# Turkey mouth call choices



## Rick Howard (Feb 25, 2012)

I found this video a few days ago. It will really help folks with picking the correct mouth call. Many of us just pick one off the shelf almost at random, because our buddy swears by it, or an add tells us its a great caller. However, if you watch this video and pick your call the way the fella describes... You will be better off.


----------



## sneakygroundbuzzard (Nov 1, 2012)

great video

thanks for posting it

i must be a center air flow person

as i do my best with a ghost cut call

but am finding it real hard to find that cut on the shelves in the stores this year


----------



## Rick Howard (Feb 25, 2012)

I think you are in the small group, sneaky hence why you see less of them on the shelf. If your in need, there is lots of ghost cut calls online. Woodhaven calls makes several models with a ghost cut.

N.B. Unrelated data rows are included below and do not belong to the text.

(* For every $n\ge1$, if $A(T^{mb}_n)$ denotes the number of automorphisms of $T^{mb}_n$, then $c_n=n-1-\log_2 A(T^{mb}_n)$.
   Context: Bifurcating trees: rooted trees in which every internal node has exactly two children; $\mathcal{T}_n$ is the set of isomorphism classes of bifurcating trees with $n$ leaves. For a node $w$, $\kappa_T(w)$ is its number of descendant leaves. The Colless index is $\mathcal{C}(T)=\sum_{v}|\kappa_T(v_1)-\kappa_T(v_2)|$, summed over internal nodes $v$ with children $v_1,v_2$; $c_n=\min\{\mathcal{C}(T):T\in\mathcal{T}_n\}$. $T^{mb}_n$ is the unique bifurcating tree with $n$ leaves in which, at every internal node, the numbers of descendant leaves of the two children differ by at most 1. Automorphisms are automorphisms of the rooted tree (as a directed graph). *)

theory Defs
  imports Complex_Main
begin

text \<open>Bifurcating (rooted binary) trees. A tree value represents a rooted tree;
isomorphism classes correspond to trees modulo swapping children.\<close>
datatype btree = Leaf | Node btree btree

fun leaves :: "btree \<Rightarrow> nat" where
  "leaves Leaf = 1"
| "leaves (Node l r) = leaves l + leaves r"

fun colless :: "btree \<Rightarrow> nat" where
  "colless Leaf = 0"
| "colless (Node l r) = colless l + colless r +
     (if leaves l \<ge> leaves r then leaves l - leaves r else leaves r - leaves l)"

definition c :: "nat \<Rightarrow> nat" where
  "c n = Min {colless T | T. leaves T = n}"

fun max_balanced :: "btree \<Rightarrow> bool" where
  "max_balanced Leaf = True"
| "max_balanced (Node l r) = (max_balanced l \<and> max_balanced r \<and>
     leaves l \<le> leaves r + 1 \<and> leaves r \<le> leaves l + 1)"

fun nodes :: "btree \<Rightarrow> bool list set" where
  "nodes Leaf = {[]}"
| "nodes (Node l r) = insert [] ((\<lambda>p. False # p) ` nodes l \<union> (\<lambda>p. True # p) ` nodes r)"

definition edge :: "btree \<Rightarrow> bool list \<Rightarrow> bool list \<Rightarrow> bool" where
  "edge T p q \<longleftrightarrow> p \<in> nodes T \<and> q \<in> nodes T \<and> (\<exists>b. q = p @ [b])"

definition automorphisms :: "btree \<Rightarrow> (bool list \<Rightarrow> bool list) set" where
  "automorphisms T = {f. bij_betw f (nodes T) (nodes T) \<and>
      (\<forall>x. x \<notin> nodes T \<longrightarrow> f x = x) \<and>
      (\<forall>p\<in>nodes T. \<forall>q\<in>nodes T. edge T p q \<longleftrightarrow> edge T (f p) (f q))}"

end

theory Submission
  imports Defs "HOL-Library.FuncSet"
begin

text \<open>
  The maximally balanced tree with \<open>n \<ge> 2\<close> leaves has the maximally balanced trees with
  \<open>\<lfloor>n/2\<rfloor>\<close> and \<open>\<lceil>n/2\<rceil>\<close> leaves as subtrees, so its Colless index \<open>F n\<close> obeys
  \<open>F n = F \<lfloor>n/2\<rfloor> + F \<lceil>n/2\<rceil> + n mod 2\<close>. Minimality of \<open>F n\<close> among all trees with
  \<open>n\<close> leaves follows by induction on the tree from \<open>F (a + b) \<le> F a + F b + \<bar>a - b\<bar>\<close>, which is
  proved by induction on \<open>a + b\<close>, splitting \<open>a\<close> and \<open>b\<close> into halves and regrouping them.

  An isomorphism between two non-leaf trees either keeps or swaps the children of the root and is
  otherwise a pair of isomorphisms between the corresponding subtrees. Hence the maximally balanced
  tree with \<open>n\<close> leaves has \<open>2 ^ s n\<close> automorphisms, where \<open>s n\<close> counts its internal nodes with
  an even number of descendant leaves, i.e. those whose two subtrees are isomorphic. Each of the
  \<open>n - 1\<close> internal nodes contributes \<open>1\<close> to exactly one of \<open>F n\<close> and \<open>s n\<close>, so
  \<open>F n + s n = n - 1\<close>. Below, \<open>F\<close> is \<open>mb_colless\<close> and \<open>s\<close> is \<open>mb_symmetries\<close>.
\<close>

function mb_colless :: "nat \<Rightarrow> nat" where
  "mb_colless n =
     (if n \<le> 1 then 0 else mb_colless (n div 2) + mb_colless (n - n div 2) + n mod 2)"
  by auto
termination by (relation "measure id") auto

function mb_symmetries :: "nat \<Rightarrow> nat" where
  "mb_symmetries n =
     (if n \<le> 1 then 0
      else mb_symmetries (n div 2) + mb_symmetries (n - n div 2) + (if even n then 1 else 0))"
  by auto
termination by (relation "measure id") auto

declare mb_colless.simps [simp del] mb_symmetries.simps [simp del]

lemma mb_colless_le_1 [simp]: "n \<le> 1 \<Longrightarrow> mb_colless n = 0"
  by (simp add: mb_colless.simps)

lemma mb_symmetries_le_1 [simp]: "n \<le> 1 \<Longrightarrow> mb_symmetries n = 0"
  by (simp add: mb_symmetries.simps)

lemma mb_colless_split:
  assumes "1 \<le> x" "1 \<le> y" "x \<le> y + 1" "y \<le> x + 1"
  shows "mb_colless (x + y) =
           mb_colless x + mb_colless y + (if y \<le> x then x - y else y - x)"
proof (cases "x \<le> y")
  case True
  then have "(x + y) div 2 = x" "x + y - (x + y) div 2 = y" "(x + y) mod 2 = y - x"
    using assms by presburger+
  then show ?thesis
    using True assms mb_colless.simps[of "x + y"] by auto
next
  case False
  then have "(x + y) div 2 = y" "x + y - (x + y) div 2 = x" "(x + y) mod 2 = x - y"
    using assms by presburger+
  then show ?thesis
    using False assms mb_colless.simps[of "x + y"] by auto
qed

lemma mb_symmetries_split:
  assumes "1 \<le> x" "1 \<le> y" "x \<le> y + 1" "y \<le> x + 1"
  shows "mb_symmetries (x + y) = mb_symmetries x + mb_symmetries y + (if x = y then 1 else 0)"
proof -
  have parity: "even (x + y) \<longleftrightarrow> x = y"
    using assms by presburger
  show ?thesis
  proof (cases "x \<le> y")
    case True
    then have "(x + y) div 2 = x" "x + y - (x + y) div 2 = y"
      using assms by presburger+
    then show ?thesis
      using assms parity mb_symmetries.simps[of "x + y"] by auto
  next
    case False
    then have "(x + y) div 2 = y" "x + y - (x + y) div 2 = x"
      using assms by presburger+
    then show ?thesis
      using assms parity mb_symmetries.simps[of "x + y"] by auto
  qed
qed

lemma mb_colless_Suc_le:
  assumes "1 \<le> n"
  shows "mb_colless (Suc n) + 1 \<le> mb_colless n + n"
  using assms
proof (induction n rule: less_induct)
  case (less n)
  have "n = 1 \<or> (\<exists>m. 1 \<le> m \<and> n = m + m) \<or> (\<exists>m. 1 \<le> m \<and> n = Suc (m + m))"
    using less.prems by presburger
  then consider "n = 1" | m where "1 \<le> m" "n = m + m" | m where "1 \<le> m" "n = Suc (m + m)"
    by blast
  then show ?case
  proof cases
    case 1
    then show ?thesis by (simp add: mb_colless_split[of 1 1, simplified])
  next
    case (2 m)
    have "mb_colless (Suc m) + 1 \<le> mb_colless m + m"
      using less.IH 2 by simp
    moreover have "mb_colless (Suc n) = mb_colless m + mb_colless (Suc m) + 1"
      using mb_colless_split[of m "Suc m"] 2 by simp
    moreover have "mb_colless n = mb_colless m + mb_colless m"
      using mb_colless_split[of m m] 2 by simp
    ultimately show ?thesis using 2 by simp
  next
    case (3 m)
    have "mb_colless (Suc m) + 1 \<le> mb_colless m + m"
      using less.IH 3 by simp
    moreover have "mb_colless (Suc n) = mb_colless (Suc m) + mb_colless (Suc m)"
      using mb_colless_split[of "Suc m" "Suc m"] 3 by simp
    moreover have "mb_colless n = mb_colless m + mb_colless (Suc m) + 1"
      using mb_colless_split[of m "Suc m"] 3 by simp
    ultimately show ?thesis using 3 by simp
  qed
qed

lemma mb_colless_add_le:
  "int (mb_colless (a + b)) \<le> int (mb_colless a) + int (mb_colless b) + \<bar>int a - int b\<bar>"
proof (induction "a + b" arbitrary: a b rule: less_induct)
  case less
  consider "a = 0 \<or> b = 0" | "a = 1" "1 \<le> b" | "b = 1" "1 \<le> a" | "2 \<le> a" "2 \<le> b"
    by linarith
  then show ?case
  proof cases
    case 1
    then show ?thesis by auto
  next
    case 2
    then show ?thesis using mb_colless_Suc_le[of b] by simp
  next
    case 3
    then show ?thesis using mb_colless_Suc_le[of a] by simp
  next
    case 4
    \<comment> \<open>Pair the lower half of \<open>a\<close> with the upper half of \<open>b\<close> and vice versa: the two sums
      again differ by at most one, so they are the halves of \<open>a + b\<close>.\<close>
    define p p' q q' where "p = a div 2" "p' = a - p" "q = b div 2" "q' = b - q"
    have halves: "a = p + p'" "p \<le> p'" "p' \<le> p + 1" "b = q + q'" "q \<le> q'" "q' \<le> q + 1"
      "1 \<le> p" "1 \<le> q"
      using 4 unfolding p_p'_q_q'_def by auto
    have "int (mb_colless (p + q')) \<le> int (mb_colless p) + int (mb_colless q') + \<bar>int p - int q'\<bar>"
      "int (mb_colless (p' + q)) \<le> int (mb_colless p') + int (mb_colless q) + \<bar>int p' - int q\<bar>"
      using less.hyps halves by auto
    moreover have "int (mb_colless (a + b)) =
        int (mb_colless (p + q')) + int (mb_colless (p' + q)) + \<bar>int (p + q') - int (p' + q)\<bar>"
      using mb_colless_split[of "p + q'" "p' + q"] halves by (simp add: algebra_simps)
    moreover have "int (mb_colless a) = int (mb_colless p) + int (mb_colless p') + (int p' - int p)"
      "int (mb_colless b) = int (mb_colless q) + int (mb_colless q') + (int q' - int q)"
      using mb_colless_split[of p p'] mb_colless_split[of q q'] halves by auto
    moreover have "\<bar>int p - int q'\<bar> + \<bar>int p' - int q\<bar> + \<bar>int (p + q') - int (p' + q)\<bar>
        \<le> (int p' - int p) + (int q' - int q) + \<bar>int a - int b\<bar>"
      using halves by (simp add: abs_if)
    ultimately show ?thesis
      by linarith
  qed
qed

lemma mb_colless_add_mb_symmetries:
  assumes "1 \<le> n"
  shows "mb_colless n + mb_symmetries n + 1 = n"
  using assms
proof (induction n rule: less_induct)
  case (less n)
  show ?case
  proof (cases "n = 1")
    case False
    define h k where "h = n div 2" "k = n - n div 2"
    have hk: "n = h + k" "1 \<le> h" "1 \<le> k" "h \<le> k + 1" "k \<le> h + 1"
      using less.prems False unfolding h_k_def by auto
    have "mb_colless h + mb_symmetries h + 1 = h" "mb_colless k + mb_symmetries k + 1 = k"
      using less.IH hk by auto
    then show ?thesis
      using mb_colless_split[of h k] mb_symmetries_split[of h k] hk by auto
  qed simp
qed

lemma leaves_pos: "1 \<le> leaves T"
  by (induction T) auto

lemma mb_colless_le_colless: "mb_colless (leaves T) \<le> colless T"
proof (induction T)
  case (Node l r)
  then show ?case
    using mb_colless_add_le[of "leaves l" "leaves r"] by (auto split: if_splits)
qed simp

lemma colless_max_balanced: "max_balanced T \<Longrightarrow> colless T = mb_colless (leaves T)"
proof (induction T)
  case (Node l r)
  then show ?case
    using mb_colless_split[of "leaves l" "leaves r"] leaves_pos[of l] leaves_pos[of r] by simp
qed simp

lemma colless_le_square: "colless T \<le> leaves T * leaves T"
proof (induction T)
  case (Node l r)
  have "leaves l \<le> leaves l * leaves r" "leaves r \<le> leaves l * leaves r"
    using leaves_pos[of l] leaves_pos[of r] by simp_all
  then have "(if leaves r \<le> leaves l then leaves l - leaves r else leaves r - leaves l)
      \<le> 2 * (leaves l * leaves r)"
    by (split if_split) linarith
  then show ?case
    using Node by (simp add: algebra_simps)
qed simp

lemma c_eq_colless_max_balanced:
  assumes "max_balanced T"
  shows "c (leaves T) = colless T"
  unfolding c_def
proof (rule Min_eqI)
  show "finite {colless T' |T'. leaves T' = leaves T}"
    by (rule finite_subset[of _ "{..leaves T * leaves T}"])
      (auto intro: order.trans[OF colless_le_square])
  show "colless T \<le> x" if "x \<in> {colless T' |T'. leaves T' = leaves T}" for x
    using that by (auto simp: colless_max_balanced[OF assms]) (metis mb_colless_le_colless)
qed auto

definition isomorphisms :: "btree \<Rightarrow> btree \<Rightarrow> (bool list \<Rightarrow> bool list) set" where
  "isomorphisms T S = {f. bij_betw f (nodes T) (nodes S) \<and> (\<forall>x. x \<notin> nodes T \<longrightarrow> f x = x) \<and>
      (\<forall>p\<in>nodes T. \<forall>q\<in>nodes T. edge T p q \<longleftrightarrow> edge S (f p) (f q))}"

lemma automorphisms_eq_isomorphisms: "automorphisms T = isomorphisms T T"
  by (simp add: automorphisms_def isomorphisms_def)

They have one on sale via their website. I just ordered one actually lol.


----------



## sneakygroundbuzzard (Nov 1, 2012)

Rick, thanks for the info

thats the brand i have used in the past,but i forgot what it was

as i had used the same mouth call for several years

with proper care they will last for more than one season

my last one lasted for about 5 years,thats spring and fall seasons

not to mention weeks of practice before season

i will have to order me a couple more of them now


----------



## Ruger (Jan 22, 2011)

Great video and info.


----------



## prairiewolf (Feb 19, 2012)

Great video Rick !!


----------



## Rick Howard (Feb 25, 2012)

Glad you guys like it. Hopefully it helps folks.


----------



## Bait washer (Feb 26, 2013)

Thanks for posting it Rick. Never to old to learn


----------



## Rick Howard (Feb 25, 2012)

I believe a guy could learn to use any call but this could make things easier and solve some of the struggling.


----------